WORK TO COMPLETE. Given the records below, would you repeat exactly the lines that begin at the one containing "define v where" and end at the one containing "t)) has_vector_derivative u)", inclusive?
┏━━
(* For $i=1,2$ let $\alpha_i\in[-1,1]$ and let $f_{\alpha_i}=h_i+\overline{g_i}\in S_H$ with $h_i(z)+g_i(z)=\dfrac{z(1-\alpha_i z)}{1-z^2}$, with dilatations $\omega_i=g_i'/h_i'$. If $\Re\big((1-\omega_1(z)\overline{\omega_2(z)})\,h_1'(z)\overline{h_2'(z)}\big)>0$ for all $z\in E$, then for every $0\le t\le1$ the map $f=tf_{\alpha_1}+(1-t)f_{\alpha_2}$ belongs to $S_H$ and maps $E$ onto a domain convex in the direction of the imaginary axis.
   Context: $E=\{z\in\mathbb{C}:|z|<1\}$. For a harmonic mapping $f=h+\overline{g}$ on $E$ with $h,g$ analytic, the dilatation is $\omega=g'/h'$. $S_H$ denotes the class of harmonic, univalent, sense-preserving mappings $f=h+\overline{g}$ of $E$ ($h'\ne0$, $|\omega|<1$) normalized by $f(0)=0$, $f_z(0)=1$. A domain $\Omega$ is convex in the direction of the imaginary axis if every line parallel to the imaginary axis has connected or empty intersection with $\Omega$. *)

theory Defs
  imports "HOL-Analysis.Analysis"
begin

definition unit_disc :: "complex set" where
  "unit_disc = ball 0 1"

definition dilatation :: "(complex \<Rightarrow> complex) \<Rightarrow> (complex \<Rightarrow> complex) \<Rightarrow> complex \<Rightarrow> complex" where
  "dilatation h g z = deriv g z / deriv h z"

definition in_SH :: "(complex \<Rightarrow> complex) \<Rightarrow> (complex \<Rightarrow> complex) \<Rightarrow> bool" where
  "in_SH h g \<longleftrightarrow>
     h holomorphic_on unit_disc \<and> g holomorphic_on unit_disc \<and>
     inj_on (\<lambda>z. h z + cnj (g z)) unit_disc \<and>
     (\<forall>z\<in>unit_disc. deriv h z \<noteq> 0 \<and> cmod (dilatation h g z) < 1) \<and>
     h 0 + cnj (g 0) = 0 \<and> deriv h 0 = 1"

definition convex_dir_imag :: "complex set \<Rightarrow> bool" where
  "convex_dir_imag \<Omega> \<longleftrightarrow> (\<forall>x::real. connected (\<Omega> \<inter> {z. Re z = x}))"

end

theory Submission
  imports Defs "HOL-Library.Quadratic_Discriminant"
begin

text \<open>
  Put \<open>H = t h\<^sub>1 + (1 - t) h\<^sub>2\<close>, \<open>G = t g\<^sub>1 + (1 - t) g\<^sub>2\<close>. The hypothesis on the
  dilatations is exactly what makes \<open>|G'| < |H'|\<close> on \<open>E\<close>, and \<open>H + G = \<phi>\<^sub>b\<close> with
  \<open>\<phi>\<^sub>b(z) = z(1 - bz)/(1 - z\<^sup>2)\<close> and \<open>b = t\<alpha>\<^sub>1 + (1 - t)\<alpha>\<^sub>2 \<in> [-1, 1]\<close>.
  In the half-plane coordinate \<open>\<zeta> = (1 + z)/(1 - z)\<close> one has
  \<open>\<phi>\<^sub>b = (1 - b)/4 \<zeta> - (1 + b)/(4\<zeta>) + b/2\<close>, so the preimage of every vertical line is a
  smooth curve on which \<open>Im \<phi>\<^sub>b\<close> increases strictly. Along such a curve the velocity
  \<open>u + v\<close> of \<open>H + G\<close> points straight up while \<open>|v| < |u|\<close> for the contributions
  \<open>u, v\<close> of \<open>H, G\<close>; hence \<open>Im (H + conj G) = Im H - Im G\<close> increases strictly too.
  This is the shear construction of Clunie and Sheil-Small: it gives injectivity of
  \<open>H + conj G\<close> and shows that each vertical line meets its image in a connected set.
\<close>

lemma open_unit_disc: "open unit_disc"
  by (simp add: unit_disc_def)

lemma has_vector_derivative_Re:
  assumes "(f has_vector_derivative f') (at t)"
  shows "((\<lambda>t. Re (f t)) has_real_derivative Re f') (at t)"
proof -
  have "((\<lambda>t. Re (f t)) has_derivative (\<lambda>h. h * Re f')) (at t)"
    using has_derivative_Re[OF assms[unfolded has_vector_derivative_def]] by simp
  then show ?thesis by (simp add: has_field_derivative_def mult.commute[of _ "Re f'"])
qed

lemma has_vector_derivative_Im:
  assumes "(f has_vector_derivative f') (at t)"
  shows "((\<lambda>t. Im (f t)) has_real_derivative Im f') (at t)"
proof -
  have "((\<lambda>t. Im (f t)) has_derivative (\<lambda>h. h * Im f')) (at t)"
    using has_derivative_Im[OF assms[unfolded has_vector_derivative_def]] by simp
  then show ?thesis by (simp add: has_field_derivative_def mult.commute[of _ "Im f'"])
qed

lemma Im_less_of_norm_less:
  fixes u v :: complex
  assumes "cmod v < cmod u" "Re (u + v) = 0" "0 < Im (u + v)"
  shows "Im v < Im u"
proof -
  have "(cmod v)\<^sup>2 < (cmod u)\<^sup>2" using assms(1) by (simp add: power_strict_mono)
  moreover have "Re v = - Re u" using assms(2) by simp
  ultimately have "(Im v)\<^sup>2 < (Im u)\<^sup>2" by (simp add: cmod_power2)
  then have "0 < (Im u - Im v) * (Im u + Im v)" by (simp add: power2_eq_square algebra_simps)
  with assms(3) show ?thesis by (simp add: zero_less_mult_iff)
qed

definition vertical_level_curve :: "(complex \<Rightarrow> complex) \<Rightarrow> real \<Rightarrow> (real \<Rightarrow> complex) \<Rightarrow> bool" where
  "vertical_level_curve F c \<Gamma> \<longleftrightarrow>
     range \<Gamma> = {z \<in> unit_disc. Re (F z) = c} \<and>
     (\<forall>t. \<Gamma> differentiable (at t)) \<and>
     (\<forall>t. \<exists>D>0. ((\<lambda>t. Im (F (\<Gamma> t))) has_real_derivative D) (at t))"

lemma Im_shear_has_pos_derivative_on_level_curve:
  assumes hol: "h holomorphic_on unit_disc" "g holomorphic_on unit_disc"
    and dil: "\<And>z. z \<in> unit_disc \<Longrightarrow> cmod (deriv g z) < cmod (deriv h z)"
    and F: "\<And>z. z \<in> unit_disc \<Longrightarrow> h z + g z = F z"
    and \<Gamma>: "vertical_level_curve F c \<Gamma>"
  shows "\<exists>D>0. ((\<lambda>t. Im (h (\<Gamma> t) + cnj (g (\<Gamma> t)))) has_real_derivative D) (at t)"
proof -
  have \<Gamma>_in: "\<Gamma> s \<in> unit_disc" and \<Gamma>_Re: "Re (F (\<Gamma> s)) = c" for s
    using \<Gamma> unfolding vertical_level_curve_def by auto
  define \<Gamma>' where "\<Gamma>' = vector_derivative \<Gamma> (at t)"
  define u where "u = \<Gamma>' * deriv h (\<Gamma> t)"
  define v where "v = \<Gamma>' * deriv g (\<Gamma> t)"
  have "(\<Gamma> has_vector_derivative \<Gamma>') (at t)"
    using \<Gamma> by (simp add: vertical_level_curve_def vector_derivative_works \<Gamma>'_def)
  then have hd: "((\<lambda>t. h (\<Gamma> t)) has_vector_derivative u) (at t)"
    and gd: "((\<lambda>t. g (\<Gamma> t)) has_vector_derivative v) (at t)"
    using field_vector_diff_chain_at holomorphic_derivI[OF _ open_unit_disc \<Gamma>_in] hol
    by (fastforce simp: u_def v_def o_def)+
  have Fd: "((\<lambda>t. F (\<Gamma> t)) has_vector_derivative u + v) (at t)"
    using has_vector_derivative_add[OF hd gd] by (simp add: F[OF \<Gamma>_in])
  have "((\<lambda>t. Re (F (\<Gamma> t))) has_real_derivative 0) (at t)"
    by (simp add: \<Gamma>_Re)
  then have Re_uv: "Re (u + v) = 0"
    using DERIV_unique has_vector_derivative_Re[OF Fd] by blast
  obtain D where "0 < D" "((\<lambda>t. Im (F (\<Gamma> t))) has_real_derivative D) (at t)"
    using \<Gamma> unfolding vertical_level_curve_def by blast
  then have Im_uv: "0 < Im (u + v)"
    using DERIV_unique has_vector_derivative_Im[OF Fd] by metis
  then have "\<Gamma>' \<noteq> 0" by (auto simp: u_def v_def)
  then have "cmod v < cmod u" using dil[OF \<Gamma>_in] by (simp add: u_def v_def norm_mult)
  then have "0 < Im u - Im v" using Im_less_of_norm_less[OF _ Re_uv Im_uv] by simp
  moreover have "((\<lambda>t. Im (h (\<Gamma> t) + cnj (g (\<Gamma> t)))) has_real_derivative Im u - Im v) (at t)"
    using DERIV_diff[OF has_vector_derivative_Im[OF hd] has_vector_derivative_Im[OF gd]] by simp
  ultimately show ?thesis by blast
qed

lemma Im_shear_strict_mono_on_level_curve:
  assumes "h holomorphic_on unit_disc" "g holomorphic_on unit_disc"
    and "\<And>z. z \<in> unit_disc \<Longrightarrow> cmod (deriv g z) < cmod (deriv h z)"
    and "\<And>z. z \<in> unit_disc \<Longrightarrow> h z + g z = F z"
    and "vertical_level_curve F c \<Gamma>"
  shows "strict_mono (\<lambda>t. Im (h (\<Gamma> t) + cnj (g (\<Gamma> t))))"
proof (rule strict_monoI)
  fix s t :: real assume "s < t"
  then show "Im (h (\<Gamma> s) + cnj (g (\<Gamma> s))) < Im (h (\<Gamma> t) + cnj (g (\<Gamma> t)))"
    using DERIV_pos_imp_increasing[of s t] Im_shear_has_pos_derivative_on_level_curve[OF assms]
    by blast
qed

lemma continuous_on_shear_level_curve:
  assumes "h holomorphic_on unit_disc" "g holomorphic_on unit_disc" "vertical_level_curve F c \<Gamma>"
  shows "continuous_on UNIV (\<lambda>t. h (\<Gamma> t) + cnj (g (\<Gamma> t)))"
proof -
  have "\<forall>t. isCont \<Gamma> t"
    using assms(3) differentiable_imp_continuous_within unfolding vertical_level_curve_def by blast
  then have "continuous_on UNIV \<Gamma>"
    by (simp add: continuous_at_imp_continuous_on)
  moreover have "range \<Gamma> \<subseteq> unit_disc"
    using assms(3) unfolding vertical_level_curve_def by blast
  ultimately have "continuous_on UNIV (\<lambda>t. h (\<Gamma> t))" "continuous_on UNIV (\<lambda>t. g (\<Gamma> t))"
    using continuous_on_compose2 assms(1,2)[THEN holomorphic_on_imp_continuous_on] by blast+
  then show ?thesis by (intro continuous_intros)
qed

lemma shear_image_vertical_line:
  assumes "\<And>z. z \<in> unit_disc \<Longrightarrow> h z + g z = F z" and "vertical_level_curve F c \<Gamma>"
  shows "(\<lambda>z. h z + cnj (g z)) ` unit_disc \<inter> {w. Re w = c} = range (\<lambda>t. h (\<Gamma> t) + cnj (g (\<Gamma> t)))"
proof -
  have Re_eq: "Re (h z + cnj (g z)) = Re (F z)" if "z \<in> unit_disc" for z
    using arg_cong[OF assms(1)[OF that], of Re] by simp
  have \<Gamma>: "range \<Gamma> = {z \<in> unit_disc. Re (F z) = c}"
    using assms(2) by (simp add: vertical_level_curve_def)
  show ?thesis
  proof (intro equalityI subsetI)
    fix w assume "w \<in> (\<lambda>z. h z + cnj (g z)) ` unit_disc \<inter> {w. Re w = c}"
    then obtain z where "z \<in> unit_disc" "Re (F z) = c" "w = h z + cnj (g z)"
      using Re_eq by auto
    moreover from this obtain t where "z = \<Gamma> t"
      using \<Gamma> by (metis (mono_tags, lifting) mem_Collect_eq rangeE)
    ultimately show "w \<in> range (\<lambda>t. h (\<Gamma> t) + cnj (g (\<Gamma> t)))" by blast
  next
    fix w assume "w \<in> range (\<lambda>t. h (\<Gamma> t) + cnj (g (\<Gamma> t)))"
    then obtain t where "w = h (\<Gamma> t) + cnj (g (\<Gamma> t))" by blast
    moreover have "\<Gamma> t \<in> unit_disc" "Re (F (\<Gamma> t)) = c" using \<Gamma> by auto
    ultimately show "w \<in> (\<lambda>z. h z + cnj (g z)) ` unit_disc \<inter> {w. Re w = c}"
      using Re_eq by auto
  qed
qed

theorem shear_inj_on_convex_dir_imag:
  assumes hol: "h holomorphic_on unit_disc" "g holomorphic_on unit_disc"
    and dil: "\<And>z. z \<in> unit_disc \<Longrightarrow> cmod (deriv g z) < cmod (deriv h z)"
    and F: "\<And>z. z \<in> unit_disc \<Longrightarrow> h z + g z = F z"
    and curves: "\<And>z. z \<in> unit_disc \<Longrightarrow> \<exists>\<Gamma>. vertical_level_curve F (Re (F z)) \<Gamma>"
  shows "inj_on (\<lambda>z. h z + cnj (g z)) unit_disc"
    and "convex_dir_imag ((\<lambda>z. h z + cnj (g z)) ` unit_disc)"
proof -
  define f where "f z = h z + cnj (g z)" for z
  have Re_f: "Re (f z) = Re (F z)" if "z \<in> unit_disc" for z
    using arg_cong[OF F[OF that], of Re] by (simp add: f_def)
  show "inj_on f unit_disc"
  proof (rule inj_onI)
    fix z w assume z: "z \<in> unit_disc" and w: "w \<in> unit_disc" and "f z = f w"
    obtain \<Gamma> where \<Gamma>: "vertical_level_curve F (Re (F z)) \<Gamma>"
      using curves[OF z] by blast
    moreover have "Re (F w) = Re (F z)"
      using Re_f[OF z] Re_f[OF w] \<open>f z = f w\<close> by simp
    ultimately obtain s t where "z = \<Gamma> s" "w = \<Gamma> t"
      using z w unfolding vertical_level_curve_def by (metis (mono_tags, lifting) mem_Collect_eq rangeE)
    moreover have "strict_mono (\<lambda>t. Im (f (\<Gamma> t)))"
      unfolding f_def by (rule Im_shear_strict_mono_on_level_curve[OF hol dil F \<Gamma>])
    ultimately show "z = w"
      using \<open>f z = f w\<close> strict_mono_eq by metis
  qed
  show "convex_dir_imag (f ` unit_disc)"
    unfolding convex_dir_imag_def
  proof
    fix x :: real
    show "connected (f ` unit_disc \<inter> {w. Re w = x})"
    proof (cases "f ` unit_disc \<inter> {w. Re w = x} = {}")
      case False
      then obtain z where z: "z \<in> unit_disc" "Re (f z) = x"
        by auto
      moreover have "Re (F z) = x" using Re_f z by simp
      ultimately obtain \<Gamma> where \<Gamma>: "vertical_level_curve F x \<Gamma>"
        using curves[OF z(1)] by auto
      have "continuous_on UNIV (\<lambda>t. f (\<Gamma> t))"
        unfolding f_def by (rule continuous_on_shear_level_curve[OF hol \<Gamma>])
      then have "connected (range (\<lambda>t. f (\<Gamma> t)))"
        by (rule connected_continuous_image) simp
      then show ?thesis
        using shear_image_vertical_line[OF F \<Gamma>] by (simp add: f_def)
    qed simp
  qed
qed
┗━━
WORKED SOLUTION.
  define v where "v = \<Gamma>' * deriv g (\<Gamma> t)"
  have "(\<Gamma> has_vector_derivative \<Gamma>') (at t)"
    using \<Gamma> by (simp add: vertical_level_curve_def vector_derivative_works \<Gamma>'_def)
  then have hd: "((\<lambda>t. h (\<Gamma> t)) has_vector_derivative u) (at t)"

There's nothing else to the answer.